_Requirement:_ Tell me how many lines in the data include "definition", and keep the reply to that number.

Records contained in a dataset
lemma twin_rotation_mat_orthogonal:
  assumes "2 \<le> N" and "t * t + t * t = 1"
  shows "twin_rotation_mat N t * transpose_mat (twin_rotation_mat N t) = 1\<^sub>m N"
    and "transpose_mat (twin_rotation_mat N t) * twin_rotation_mat N t = 1\<^sub>m N"
proof -
  show "twin_rotation_mat N t * transpose_mat (twin_rotation_mat N t) = 1\<^sub>m N"
  proof (rule eq_matI)
    fix i j assume "i < dim_row (1\<^sub>m N)" and "j < dim_col (1\<^sub>m N)"
    then show "(twin_rotation_mat N t * transpose_mat (twin_rotation_mat N t)) $$ (i, j) =
      1\<^sub>m N $$ (i, j)"
      using assms
      by (subst index_twin_rotation_mat_mult) (auto simp: twin_rotation_mat_def algebra_simps)
  qed (simp_all add: twin_rotation_mat_def)
  show "transpose_mat (twin_rotation_mat N t) * twin_rotation_mat N t = 1\<^sub>m N"
  proof (rule eq_matI)
    fix i j assume "i < dim_row (1\<^sub>m N)" and "j < dim_col (1\<^sub>m N)"
    then show "(transpose_mat (twin_rotation_mat N t) * twin_rotation_mat N t) $$ (i, j) =
      1\<^sub>m N $$ (i, j)"
      using assms
      by (subst index_mult_twin_rotation_mat) (auto simp: twin_rotation_mat_def algebra_simps)
  qed (simp_all add: twin_rotation_mat_def)
qed

lemma char_poly_mat_1x1: "char_poly (mat 1 1 (\<lambda>_. x)) = [:- (x::'a::comm_ring_1), 1:]"
proof -
  have "char_poly (mat 1 1 (\<lambda>_. x)) = (\<Prod>a \<leftarrow> diag_mat (mat 1 1 (\<lambda>_. x)). [:- a, 1:])"
    by (rule char_poly_upper_triangular[of _ 1]) (auto simp: upper_triangular_def)
  then show ?thesis by (simp add: diag_mat_def)
qed

locale twin_vertices =
  fixes A B :: "'a::field_char_0 mat" and n :: nat and a c s :: 'a
  assumes A_carrier: "A \<in> carrier_mat (n + 2) (n + 2)"
    and B_carrier: "B \<in> carrier_mat (n + 1) (n + 1)"
    and s_square: "s * s = 2"
    and A_00: "A $$ (0, 0) = a" and A_11: "A $$ (1, 1) = a"
    and A_01: "A $$ (0, 1) = c" and A_10: "A $$ (1, 0) = c"
    and A_twin_row: "\<And>j. 2 \<le> j \<Longrightarrow> j < n + 2 \<Longrightarrow> A $$ (1, j) = A $$ (0, j)"
    and A_twin_col0: "\<And>j. 2 \<le> j \<Longrightarrow> j < n + 2 \<Longrightarrow> A $$ (j, 0) = A $$ (0, j)"
    and A_twin_col1: "\<And>j. 2 \<le> j \<Longrightarrow> j < n + 2 \<Longrightarrow> A $$ (j, 1) = A $$ (0, j)"
    and B_00: "B $$ (0, 0) = a + c"
    and B_row0: "\<And>j. 2 \<le> j \<Longrightarrow> j < n + 2 \<Longrightarrow> B $$ (0, j - 1) = s * A $$ (0, j)"
    and B_col0: "\<And>j. 2 \<le> j \<Longrightarrow> j < n + 2 \<Longrightarrow> B $$ (j - 1, 0) = s * A $$ (0, j)"
    and B_tail: "\<And>i j. 2 \<le> i \<Longrightarrow> i < n + 2 \<Longrightarrow> 2 \<le> j \<Longrightarrow> j < n + 2 \<Longrightarrow>
      B $$ (i - 1, j - 1) = A $$ (i, j)"
begin

definition rotation :: "'a mat" where
  "rotation = twin_rotation_mat (n + 2) (inverse s)"

definition reduced :: "'a mat" where
  "reduced = four_block_mat (mat 1 1 (\<lambda>_. a - c)) (0\<^sub>m 1 (n + 1)) (0\<^sub>m (n + 1) 1) B"

lemma reduced_carrier: "reduced \<in> carrier_mat (n + 2) (n + 2)"
  using four_block_carrier_mat[OF _ B_carrier, of "mat 1 1 (\<lambda>_. a - c)" 1 1]
  by (simp add: reduced_def)

lemma index_reduced:
  assumes "i < n + 2" and "j < n + 2"
  shows "reduced $$ (i, j) =
    (if i = 0 then (if j = 0 then a - c else 0) else if j = 0 then 0 else B $$ (i - 1, j - 1))"
  using assms B_carrier by (simp add: reduced_def)

lemma mult_rotation_eq: "A * rotation = rotation * reduced"
proof (rule eq_matI)
  fix i j assume "i < dim_row (rotation * reduced)" and "j < dim_col (rotation * reduced)"
  then have i: "i < n + 2" and j: "j < n + 2"
    using reduced_carrier by (simp_all add: rotation_def twin_rotation_mat_def)
  define t where "t = inverse s"
  have "s \<noteq> 0" using s_square by auto
  then have t: "t * (s * x) = x" "t * 2 = s" for x
    using s_square by (simp_all add: t_def field_simps flip: mult_2)
  have L: "(A * rotation) $$ (i, j) =
    (if j = 0 then t * (A $$ (i, 0) - A $$ (i, 1))
     else if j = 1 then t * (A $$ (i, 0) + A $$ (i, 1)) else A $$ (i, j))"
    using A_carrier i j by (simp add: rotation_def t_def index_mult_twin_rotation_mat)
  have R: "(rotation * reduced) $$ (i, j) =
    (if i = 0 then t * (reduced $$ (0, j) + reduced $$ (1, j))
     else if i = 1 then t * (reduced $$ (1, j) - reduced $$ (0, j)) else reduced $$ (i, j))"
    using reduced_carrier i j by (simp add: rotation_def t_def index_twin_rotation_mat_mult)
  have reduced_0: "reduced $$ (0, j) = (if j = 0 then a - c else 0)"
    and reduced_1: "reduced $$ (1, j) = (if j = 0 then 0 else B $$ (0, j - 1))"
    using j by (simp_all add: index_reduced)
  consider "j = 0" | "j = 1" | "2 \<le> j" by linarith
  then show "(A * rotation) $$ (i, j) = (rotation * reduced) $$ (i, j)"
  proof cases
    case 1
    show ?thesis unfolding L R reduced_0 reduced_1
      using 1 A_00 A_01 A_10 A_11 A_twin_col0[OF _ i] A_twin_col1[OF _ i] i
      by (simp add: index_reduced algebra_simps)
  next
    case 2
    show ?thesis unfolding L R reduced_0 reduced_1
      using 2 A_00 A_01 A_10 A_11 B_00 A_twin_col0[OF _ i] A_twin_col1[OF _ i] B_col0[OF _ i] i
      by (auto simp: index_reduced t)
  next
    case 3
    show ?thesis unfolding L R reduced_0 reduced_1
      using 3 B_row0[OF 3 j] A_twin_row[OF 3 j] B_tail[OF _ i 3 j] i j
      by (auto simp: index_reduced t)
  qed
qed (use A_carrier B_carrier in \<open>simp_all add: rotation_def reduced_def twin_rotation_mat_def\<close>)

lemma similar_mat_reduced: "similar_mat A reduced"
proof -
  let ?Q = "transpose_mat rotation"
  have "inverse s * inverse s + inverse s * inverse s = 1"
    using s_square by (simp add: field_simps flip: mult_2)
  then have inverse: "rotation * ?Q = 1\<^sub>m (n + 2)" "?Q * rotation = 1\<^sub>m (n + 2)"
    unfolding rotation_def by (simp_all add: twin_rotation_mat_orthogonal)
  have carrier: "rotation \<in> carrier_mat (n + 2) (n + 2)" "?Q \<in> carrier_mat (n + 2) (n + 2)"
    by (simp_all add: rotation_def)
  have "A = A * (rotation * ?Q)"
    using A_carrier by (simp add: inverse)
  also have "\<dots> = rotation * reduced * ?Q"
    using A_carrier carrier reduced_carrier by (simp flip: assoc_mult_mat add: mult_rotation_eq)
  finally show ?thesis
    using A_carrier carrier reduced_carrier inverse
    by (intro similar_matI[where P = rotation and Q = "transpose_mat rotation"]) auto
qed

_Solution for this task:_ 2